Over 200 species of both migratory and non-migratory birds have been identified in the marsh. It serves as a wintering ground and stop-over point for migrating waterfowl, which gather in numbers as high as 4,000 in the fall. These waterfowl include American black ducks, wood ducks, and mallards. Constitution Marsh is also used by migrating pied-billed grebes, ospreys, northern harriers, and peregrine falcons; at least 2 and as many as 30 bald eagles can be found there in the winter. Autumn concentrations of swallows once peaked at 100,000, but have dwindled since the mid-1990s. Over 50 different bird species are known to breed within the wildlife sanctuary, including the least bittern, worm-eating warbler, Virginia rail, Louisiana waterthrush, northern cardinal, spotted sandpiper, gray catbird, common yellowthroat, marsh wren, eastern phoebe, swamp sparrow, and willow flycatcher, as well as the wood thrush, which breeds in the forest near the swamp. The marsh was included in bird habitat studies in 1986–1987 and again in 2005. The results revealed that the diversity of breeding bird species is steadily decreasing as the red-winged blackbird becomes dominant.

In addition to its value as a bird habitat, it is also an important nursery and spawning area for fish, including striped bass, shad, herring, and mummichog. Some 1,000 snapping turtles live in the marsh, and frequently lay their eggs at the nearby Boscobel estate grounds.

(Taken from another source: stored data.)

(* Let $T$ be a tree with at least two vertices. If $\mathcal{M}$ is a maximal $2$-matching of $T$, then there exist leaves $u\neq v$ of $T$ such that $E(P_{u,v})\subseteq\mathcal{M}$, where $P_{u,v}$ is the unique path in $T$ joining $u$ and $v$.
   Context: A $2$-matching of a graph is a set of edges such that every vertex is incident to at most two of them. A $2$-matching $\mathcal{M}$ is maximal if there is no $2$-matching $\mathcal{N}$ with $\mathcal{M}\subsetneq\mathcal{N}$. A leaf is a vertex of degree one. *)

theory Defs
  imports Main
begin

definition simple_graph :: "'a set \<Rightarrow> 'a set set \<Rightarrow> bool" where
  "simple_graph V E \<longleftrightarrow> finite V \<and>
     (\<forall>e\<in>E. \<exists>x y. x \<noteq> y \<and> x \<in> V \<and> y \<in> V \<and> e = {x, y})"

fun path_edges :: "'a list \<Rightarrow> 'a set set" where
  "path_edges (x # y # xs) = insert {x, y} (path_edges (y # xs))"
| "path_edges _ = {}"

definition is_path :: "'a set \<Rightarrow> 'a set set \<Rightarrow> 'a list \<Rightarrow> 'a \<Rightarrow> 'a \<Rightarrow> bool" where
  "is_path V E p u v \<longleftrightarrow> p \<noteq> [] \<and> hd p = u \<and> last p = v \<and> distinct p \<and>
     set p \<subseteq> V \<and> path_edges p \<subseteq> E"

definition connected_graph :: "'a set \<Rightarrow> 'a set set \<Rightarrow> bool" where
  "connected_graph V E \<longleftrightarrow> (\<forall>u\<in>V. \<forall>v\<in>V. \<exists>p. is_path V E p u v)"

definition is_cycle :: "'a set \<Rightarrow> 'a set set \<Rightarrow> 'a list \<Rightarrow> bool" where
  "is_cycle V E c \<longleftrightarrow> length c \<ge> 3 \<and> distinct c \<and> set c \<subseteq> V \<and>
     path_edges c \<subseteq> E \<and> {last c, hd c} \<in> E"

definition is_tree :: "'a set \<Rightarrow> 'a set set \<Rightarrow> bool" where
  "is_tree V E \<longleftrightarrow> simple_graph V E \<and> V \<noteq> {} \<and> connected_graph V E \<and>
     (\<nexists>c. is_cycle V E c)"

definition degree :: "'a set set \<Rightarrow> 'a \<Rightarrow> nat" where
  "degree E v = card {e \<in> E. v \<in> e}"

definition is_leaf :: "'a set \<Rightarrow> 'a set set \<Rightarrow> 'a \<Rightarrow> bool" where
  "is_leaf V E v \<longleftrightarrow> v \<in> V \<and> degree E v = 1"

definition two_matching :: "'a set set \<Rightarrow> 'a set set \<Rightarrow> bool" where
  "two_matching E M \<longleftrightarrow> M \<subseteq> E \<and> (\<forall>v. card {e \<in> M. v \<in> e} \<le> 2)"

definition maximal_two_matching :: "'a set set \<Rightarrow> 'a set set \<Rightarrow> bool" where
  "maximal_two_matching E M \<longleftrightarrow> two_matching E M \<and>
     \<not> (\<exists>N. two_matching E N \<and> M \<subset> N)"

end

theory Submission
  imports Defs
begin

text \<open>Call a path admissible if each of its edges outside \<open>M\<close> leads into a vertex that
  is saturated by \<open>M\<close>. Take an admissible path \<open>p\<close> with as many edges outside \<open>M\<close> as
  possible and, among those, of maximal length. Whenever an admissible path \<open>q\<close> with at
  least as many non-\<open>M\<close> edges ends with an \<open>M\<close>-edge in a vertex \<open>x\<close> of \<open>M\<close>-degree at
  most one, \<open>x\<close> is a leaf: another neighbour \<open>y\<close> of \<open>x\<close> is joined to \<open>x\<close> outside \<open>M\<close>, so
  by maximality of \<open>M\<close> it is saturated, and \<open>q\<close> followed by \<open>y\<close> would beat \<open>p\<close>.
  Maximality of \<open>p\<close> makes its end such a vertex. Walking back along the final \<open>M\<close>-segment
  of \<open>p\<close> to its first vertex \<open>c\<close> and continuing along \<open>M\<close> beyond \<open>c\<close> until the
  \<open>M\<close>-degree drops below two yields an \<open>M\<close>-path whose far end is a leaf as well, because
  replacing the final segment of \<open>p\<close> by this continuation gives an admissible path with the
  same number of non-\<open>M\<close> edges. Absence of cycles keeps all these walks simple.\<close>

definition simple_path :: "'a set \<Rightarrow> 'a set set \<Rightarrow> 'a list \<Rightarrow> bool" where
  "simple_path V E p \<longleftrightarrow> p \<noteq> [] \<and> distinct p \<and> set p \<subseteq> V \<and> path_edges p \<subseteq> E"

The area contains invasive species like common reed, purple loosestrife, water caltrop, zebra mussels, and mute swans.

==History==
The marsh itself is estimated to be 4,000–5,000 years old. It is crisscrossed by a series of channels dug in the 1830s as part of wild rice farming efforts. The site was purchased by New York State in 1969, and has been managed by the National Audubon Society since 1970.

Constitution Marsh sits adjacent to Foundry Cove, which was heavily polluted by industrial waste from a nickel–cadmium battery manufacturing plant that operated between 1952 and 1979. In total, 115904 lb of cadmium was released into Foundry Cove, making it "the most cadmium polluted site in the world." Some of the metal spread to Constitution Marsh in high concentration pockets. Sediment dredging efforts in the early 1970s were largely unsuccessful, and extremely high levels of both nickel and cadmium were later observed in the cove and marsh; as a result, the Environmental Protection Agency listed the area as a Superfund site in 1983. Federal remediation of the site was completed in 1995 after extensive dredging conducted in Foundry Cove. Long-term sediment and water monitoring was prescribed for Constitution Marsh, as it was determined that similar dredging there would have caused disproportionate environmental damage. Additionally, the contaminants would soon be buried beneath clean sediment after the remediation of Foundry Cove. Cadmium levels rapidly decreased throughout the area, and after eight years, levels of particulate and soluble metal pollutants were lower than in the Hudson River at New York City.

==Recreation==
Recreational opportunities include hiking trails that lead to a 700 ft boardwalk exploring the marsh, and limited paddling access through the network of man-made channels. The current boardwalk replaced a much shorter version in 2001, and was dedicated to James P. Rod, an environmentalist who served as the warden for the sanctuary from 1982 until his death in 1998. The trails and boardwalk offer expansive views of the Hudson Highlands, including Storm King Mountain and Breakneck Ridge, as well as the United States Military Academy across the river.